De zoektocht naar identiteit gaat door… Wie ben ik? Ben ik een vrouw, een dochter, een moeder, een partner? Ben ik Nederlands met een Duitse moeder en een joodse grootvader? Ben ik een verbinder of een verbeelder? Ben ik voorzichtig of vol twijfel? Inderdaad, zo kan ik nog even doorgaan met mijn identiteit.
Bij nader inzien blijkt iedereen in zijn identiteit allerlei lagen te hebben, soms in een onderling problematische verhouding, lagen die telkens een ander accent krijgen, afhankelijk van leeftijd, omstandigheden en gesprekspartner. Hoe weet je eigenlijk wie jij bent? Je hebt een naam gekregen bij je geboorte, er is meestal een familie, met een eigen geschiedenis, al is die soms belastend, en misschien een plek om te wonen, al is die niet voor iedereen gelijk.
Opgroeiend leer je de grenzen kennen van wat mag en niet mag. Anderen om je heen spiegelen ongevraagd wat jij doet, dat hoort bij een goede en bij een problematische opvoeding. Eenmaal opgegroeid zeggen vrienden, leraren, een partner of een trainer jou soms de of hun waarheid, ook dat hoort bij een voortgaand leerproces. Zo leer je jezelf een beetje kennen. Maar is het genoeg om alleen jezelf te kennen en te zijn? Via de relatie met een ander ontwikkelt zich wellicht meer dan zelfkennis. Huub Oosterhuis dichtte ooit:
Ken je mij? Wie ken je dan?
Weet jij mij beter dan ik?
Ken je mij? wie ben ik dan?
Weet jij mij beter dan ik? (…)
Bijzonder in deze tekst is dat je niet weet of het woord jij verwijst naar de relatie tussen de ik-persoon en de Eeuwige of naar de medemens en ik. Dat voor Oosterhuis niet zo’n groot verschil misschien.

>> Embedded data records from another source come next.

lemma scc_row_sum_corner:
  assumes H: "Pa (NT A # \<beta>) u w \<in> S" and w: "w = [] \<or> \<beta> = []"
  shows "(\<Sum>C\<in>S. scc_M R s lp \<theta> X (Pa (NT A # \<beta>) u w) C)
    = (\<Sum>r \<in> {r \<in> R. fst r = A \<and> Pa (snd r) u w \<in> S}. \<theta> r)"
proof -
  let ?H = "Pa (NT A # \<beta>) u w" and ?child = "\<lambda>r. Pa (snd r) u w"
  let ?RS = "{r \<in> R. fst r = A \<and> Pa (snd r) u w \<in> S}"
  have "scc_M R s lp \<theta> X ?H C = 0" if C: "C \<in> S - ?child ` ?RS" for C
  proof (rule scc_M_eq_0)
    show "\<not> left_corner R ?H C"
    proof
      assume "left_corner R ?H C"
      then obtain \<alpha> where "(A, \<alpha>) \<in> R" and "C = Pa \<alpha> u w"
        unfolding left_corner_def by blast
      then have "C \<in> ?child ` ?RS"
        using C by (intro image_eqI[of _ _ "(A, \<alpha>)"]) simp_all
      with C show False
        by blast
    qed
  qed (use H C in simp_all)
  then have "(\<Sum>C\<in>S. scc_M R s lp \<theta> X ?H C) = (\<Sum>C \<in> ?child ` ?RS. scc_M R s lp \<theta> X ?H C)"
    by (intro sum.mono_neutral_right[OF finite_scc]) auto
  also have "\<dots> = (\<Sum>r\<in>?RS. scc_M R s lp \<theta> X ?H (?child r))"
  proof -
    have "inj_on ?child ?RS"
      by (auto intro!: inj_onI simp: prod_eq_iff)
    then show ?thesis
      by (simp add: sum.reindex)
  qed
  also have "\<dots> = (\<Sum>r\<in>?RS. \<theta> r)"
  proof (rule sum.cong[OF refl])
    fix r assume "r \<in> ?RS"
    then have "r = (A, snd r)" and "(A, snd r) \<in> R" and "?child r \<in> S"
      by auto
    then show "scc_M R s lp \<theta> X ?H (?child r) = \<theta> r"
      using scc_M_corner[OF H w] by simp
  qed
  finally show ?thesis .
qed

lemma scc_row_sum_cases:
  assumes "H \<in> S"
  obtains (corner) A \<beta> u w where "H = Pa (NT A # \<beta>) u w" and "w = [] \<or> \<beta> = []"
      and "(\<Sum>C\<in>S. scc_M R s lp \<theta> X H C) = (\<Sum>r \<in> {r \<in> R. fst r = A \<and> Pa (snd r) u w \<in> S}. \<theta> r)"
  | (other) "(\<Sum>C\<in>S. scc_M R s lp \<theta> X H C) = 0"
proof (cases "\<exists>A \<beta> u w. H = Pa (NT A # \<beta>) u w \<and> (w = [] \<or> \<beta> = [])")
  case True
  then obtain A \<beta> u w where H: "H = Pa (NT A # \<beta>) u w" and w: "w = [] \<or> \<beta> = []"
    by blast
  then show ?thesis
    using corner scc_row_sum_corner \<open>H \<in> S\<close> by simp
next
  case False
  then have "\<not> left_corner R H C" for C
    unfolding left_corner_def by blast
  then have "(\<Sum>C\<in>S. scc_M R s lp \<theta> X H C) = 0"
    using scc_M_eq_0 \<open>H \<in> S\<close> by (intro sum.neutral) blast
  then show ?thesis
    by (rule other)
qed

lemma scc_row_sum_le_1:
  assumes "H \<in> S"
  shows "(\<Sum>C\<in>S. scc_M R s lp \<theta> X H C) \<le> 1"
  using assms
proof (cases rule: scc_row_sum_cases)
  case (corner A \<beta> u w)
  have "(\<Sum>r \<in> {r \<in> R. fst r = A \<and> Pa (snd r) u w \<in> S}. \<theta> r) \<le> (\<Sum>r \<in> {r \<in> R. fst r = A}. \<theta> r)"
    using finite_rules theta_pos by (intro sum_mono2) (auto intro: less_imp_le)
  then show ?thesis
    using corner theta_sum by simp
qed simp

lemma scc_row_sum_eq_1_closed:
  assumes "H \<in> S" and "(\<Sum>C\<in>S. scc_M R s lp \<theta> X H C) = 1"
  obtains A \<beta> u w where "H = Pa (NT A # \<beta>) u w" and "w = [] \<or> \<beta> = []"
    and "\<And>\<alpha>. (A, \<alpha>) \<in> R \<Longrightarrow> Pa \<alpha> u w \<in> S"
  using \<open>H \<in> S\<close>
proof (cases rule: scc_row_sum_cases)
  case (corner A \<beta> u w)
  have "Pa \<alpha> u w \<in> S" if "(A, \<alpha>) \<in> R" for \<alpha>
  proof (rule ccontr)
    assume "Pa \<alpha> u w \<notin> S"
    then have "(\<Sum>r \<in> {r \<in> R. fst r = A \<and> Pa (snd r) u w \<in> S}. \<theta> r) < (\<Sum>r \<in> {r \<in> R. fst r = A}. \<theta> r)"
      using finite_rules theta_pos that
      by (intro sum_strict_mono2[where b = "(A, \<alpha>)"]) (auto intro: less_imp_le)
    then show False
      using corner assms(2) theta_sum by simp
  qed
  then show thesis
    using that corner by blast
qed (use assms(2) in simp)

lemma scc_body_unique:
  assumes "H \<in> S" and "b \<in> bodies R s lp H"
    and "C \<in> S" and "C \<in> set b" and "C' \<in> S" and "C' \<in> set b"
  shows "C = C'"
proof -
  obtain A \<beta> \<alpha> u w where H: "H = Pa (NT A # \<beta>) u w" and "w = [] \<or> \<beta> = []" and "(A, \<alpha>) \<in> R"
    and C: "C = Pa \<alpha> u w" and b: "b = corner_body (A, \<alpha>) u w"
    using assms(2,4) by (rule scc_body_is_corner_body[OF scc assms(1,3)])
  obtain A' \<beta>' \<alpha>' u' w' where H': "H = Pa (NT A' # \<beta>') u' w'" and "w' = [] \<or> \<beta>' = []"
    and "(A', \<alpha>') \<in> R" and C': "C' = Pa \<alpha>' u' w'" and b': "b = corner_body (A', \<alpha>') u' w'"
    using assms(2,6) by (rule scc_body_is_corner_body[OF scc assms(1,5)])
  have "hd b = Msw (A, \<alpha>)"
    unfolding b by (simp add: corner_body_def)
  moreover have "hd b = Msw (A', \<alpha>')"
    unfolding b' by (simp add: corner_body_def)
  ultimately show ?thesis
    using H H' C C' by simp
qed

lemma eq_rhs_scc_split:
  assumes H: "H \<in> S"
  shows "eq_rhs R s lp \<theta> Z H = (\<Sum>C\<in>S. scc_M R s lp \<theta> Z H C * Z C) + scc_Y R s lp \<theta> Z S H"
proof -
  let ?F = "\<lambda>b. prod_list (map (atom_val \<theta> Z) b)"
  let ?B = "bodies R s lp H"
  let ?through = "\<lambda>C. {b \<in> ?B. C \<in> set b}"
  have finite_B: "finite ?B"
    using finite_rules by (rule finite_bodies)
  have "eq_rhs R s lp \<theta> Z H = sum ?F {b \<in> ?B. set b \<inter> S = {}} + sum ?F {b \<in> ?B. set b \<inter> S \<noteq> {}}"
    unfolding eq_rhs_def using finite_B
    by (subst sum.union_disjoint[symmetric]) (auto intro: sum.cong)
  also have "{b \<in> ?B. set b \<inter> S \<noteq> {}} = (\<Union>C\<in>S. ?through C)"
    by blast
  also have "sum ?F (\<Union>C\<in>S. ?through C) = (\<Sum>C\<in>S. sum ?F (?through C))"
    using finite_scc finite_B scc_body_unique[OF H]
    by (intro sum.UNION_disjoint) auto
  also have "\<dots> = (\<Sum>C\<in>S. scc_M R s lp \<theta> Z H C * Z C)"
  proof (rule sum.cong[OF refl])
    fix C assume "C \<in> S"
    then have "sum ?F (?through C) = (\<Sum>b\<in>?through C. Z C * prod_list (map (atom_val \<theta> Z) (remove1 C b)))"
      by (intro sum.cong) (auto simp: prod_list_map_remove1[of C] atom_val_scc)
    then show "sum ?F (?through C) = scc_M R s lp \<theta> Z H C * Z C"
      by (simp add: scc_M_def sum_distrib_left mult.commute)
  qed
  finally show ?thesis
    by (simp add: scc_Y_def)
qed

lemma scc_mat_mult_vec_nth:
  assumes "x \<in> carrier_vec K" and "j < K"
  shows "(scc_mat R s lp \<theta> X K e *\<^sub>v x) $ j = (\<Sum>k<K. scc_M R s lp \<theta> X (e j) (e k) * x $ k)"
  using assms by (auto simp: scc_mat_def scalar_prod_def atLeast0LessThan intro: sum.cong)

lemma solution_scc_fixpoint:
  "vec K (\<lambda>j. X (e j))
     = scc_mat R s lp \<theta> X K e *\<^sub>v vec K (\<lambda>j. X (e j)) + scc_vec R s lp \<theta> X S K e"
proof (rule eq_vecI)
  fix j assume "j < dim_vec (scc_mat R s lp \<theta> X K e *\<^sub>v vec K (\<lambda>j. X (e j)) + scc_vec R s lp \<theta> X S K e)"
  then have j: "j < K"
    by (simp add: scc_vec_def)
  then have "e j \<in> S"
    using enumeration bij_betwE by blast
  then have "X (e j) = (\<Sum>C\<in>S. scc_M R s lp \<theta> X (e j) C * X C) + scc_Y R s lp \<theta> X S (e j)"
    using solution scc_defined eq_rhs_scc_split unfolding solves_eq_def by auto
  then show "vec K (\<lambda>j. X (e j)) $ j
      = (scc_mat R s lp \<theta> X K e *\<^sub>v vec K (\<lambda>j. X (e j)) + scc_vec R s lp \<theta> X S K e) $ j"
    using j by (simp add: scc_mat_mult_vec_nth scc_vec_def sum_over_enumeration[where f = "\<lambda>C. scc_M R s lp \<theta> X (e j) C * X C"])
qed (simp add: scc_mat_def scc_vec_def)

lemma max_modulus_goal_left_closed:
  assumes x: "x \<in> carrier_vec K" and fixpoint: "scc_mat R s lp \<theta> X K e *\<^sub>v x = x"
    and j: "j < K" and maximal: "\<And>k. k < K \<Longrightarrow> \<bar>x $ k\<bar> \<le> \<bar>x $ j\<bar>" and "x $ j \<noteq> 0"
  obtains A \<beta> u w where "e j = Pa (NT A # \<beta>) u w"
    and "\<And>\<alpha>. (A, \<alpha>) \<in> R \<Longrightarrow> \<exists>k<K. e k = Pa \<alpha> u w \<and> \<bar>x $ k\<bar> = \<bar>x $ j\<bar>"
proof -
  let ?M = "\<lambda>j k. scc_M R s lp \<theta> X (e j) (e k)"
  have in_S: "e k \<in> S" if "k < K" for k
    using enumeration that bij_betwE by blast
  have nonneg: "0 \<le> ?M j k" if "k \<in> {..<K}" for k
    using scc_M_nonneg in_S j that by simp
  have "(\<Sum>k\<in>{..<K}. ?M j k) \<le> 1"
    using scc_row_sum_le_1[OF in_S[OF j]] by (simp add: sum_over_enumeration)
  moreover have "x $ j = (\<Sum>k\<in>{..<K}. ?M j k * x $ k)"
    using scc_mat_mult_vec_nth[OF x j] fixpoint by simp
  moreover have "\<bar>x $ k\<bar> \<le> \<bar>x $ j\<bar>" if "k \<in> {..<K}" for k
    using maximal that by simp
  ultimately have "(\<Sum>k\<in>{..<K}. ?M j k) = 1"
    and propagate: "\<And>k. k \<in> {..<K} \<Longrightarrow> 0 < ?M j k \<Longrightarrow> \<bar>x $ k\<bar> = \<bar>x $ j\<bar>"
    using max_modulus_of_substochastic_fixpoint[of "{..<K}" j ?M "\<lambda>k. x $ k", OF _ _ nonneg]
      j \<open>x $ j \<noteq> 0\<close> by simp_all
  then have "(\<Sum>C\<in>S. scc_M R s lp \<theta> X (e j) C) = 1"
    by (simp add: sum_over_enumeration)
  then obtain A \<beta> u w where ej: "e j = Pa (NT A # \<beta>) u w" and w: "w = [] \<or> \<beta> = []"
    and closed: "\<And>\<alpha>. (A, \<alpha>) \<in> R \<Longrightarrow> Pa \<alpha> u w \<in> S"
    by (rule scc_row_sum_eq_1_closed[OF in_S[OF j]]) blast
  have "\<exists>k<K. e k = Pa \<alpha> u w \<and> \<bar>x $ k\<bar> = \<bar>x $ j\<bar>" if r: "(A, \<alpha>) \<in> R" for \<alpha>
  proof -
    obtain k where k: "k < K" "e k = Pa \<alpha> u w"
      using closed[OF r] enumeration by (auto simp: bij_betw_def)
    have "?M j k = \<theta> (A, \<alpha>)"
      using scc_M_corner[OF _ w r closed[OF r]] in_S[OF j] ej k(2) by simp
    then show ?thesis
      using propagate[of k] theta_pos[OF r] k by auto
  qed
  with ej show thesis
    by (rule that)
qed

Je zou dan kunnen zeggen dat de Eeuwige (of iets dat het ik en jij onverwacht overstijgt) zichtbaar wordt in de relatie tussen ik en de ander, tussen ik en jij.
Misschien kent de ander mij beter dan ikzelf, ziet zij of hij wie ik kan wórden… Zo bieden de bevestiging en de inspiratie van die ander een kans om zelf een rijker, spiritueler ik te worden. Dat is een wisselwerking, want tegelijkertijd ben jij die noodzakelijke bron voor de andere mens. Antjie Krog gaat vanuit haar Zuid-Afrikaanse denken daar nog een stap verder in via haar bijzondere gedicht Om te ver-jij-en:
(…) maar waar ik jou ben
jullie ben geworden
begin ik buiten mezelf
met lichte kwikzilver-zingende polsslagen
iets voorbij iedere mensheid te kaatsen (…)
Antjie Krog schetst in haar prachtige Zuid-Afrikaans (zie youtube) een kleinschalig maar tegelijk groots visioen over wat jij en ik samen kunnen zijn, namelijk een wij-persoon die de individuele personen overstijgt. Voor haar is dat een bestaansvoorwaarde voor de mensheid, voor compassie, voor gelijkwaardigheid. Het is dus niet alleen de ander die jou tot ik maakt en omgekeerd. Immers, wanneer ik tot jij wordt, dat wil zeggen: wanneer elke ik zich zodanig in de ander en haar situatie inleeft dat die ik even de ander wordt – door te ver-jij-en zoals Krog dat noemt – dan ontstaat een enkelvoudig wij dat echt veranderingen teweeg kan brengen. Misschien heeft deze tijd minder ik maar veel meer dat enkelvoudig wij nodig…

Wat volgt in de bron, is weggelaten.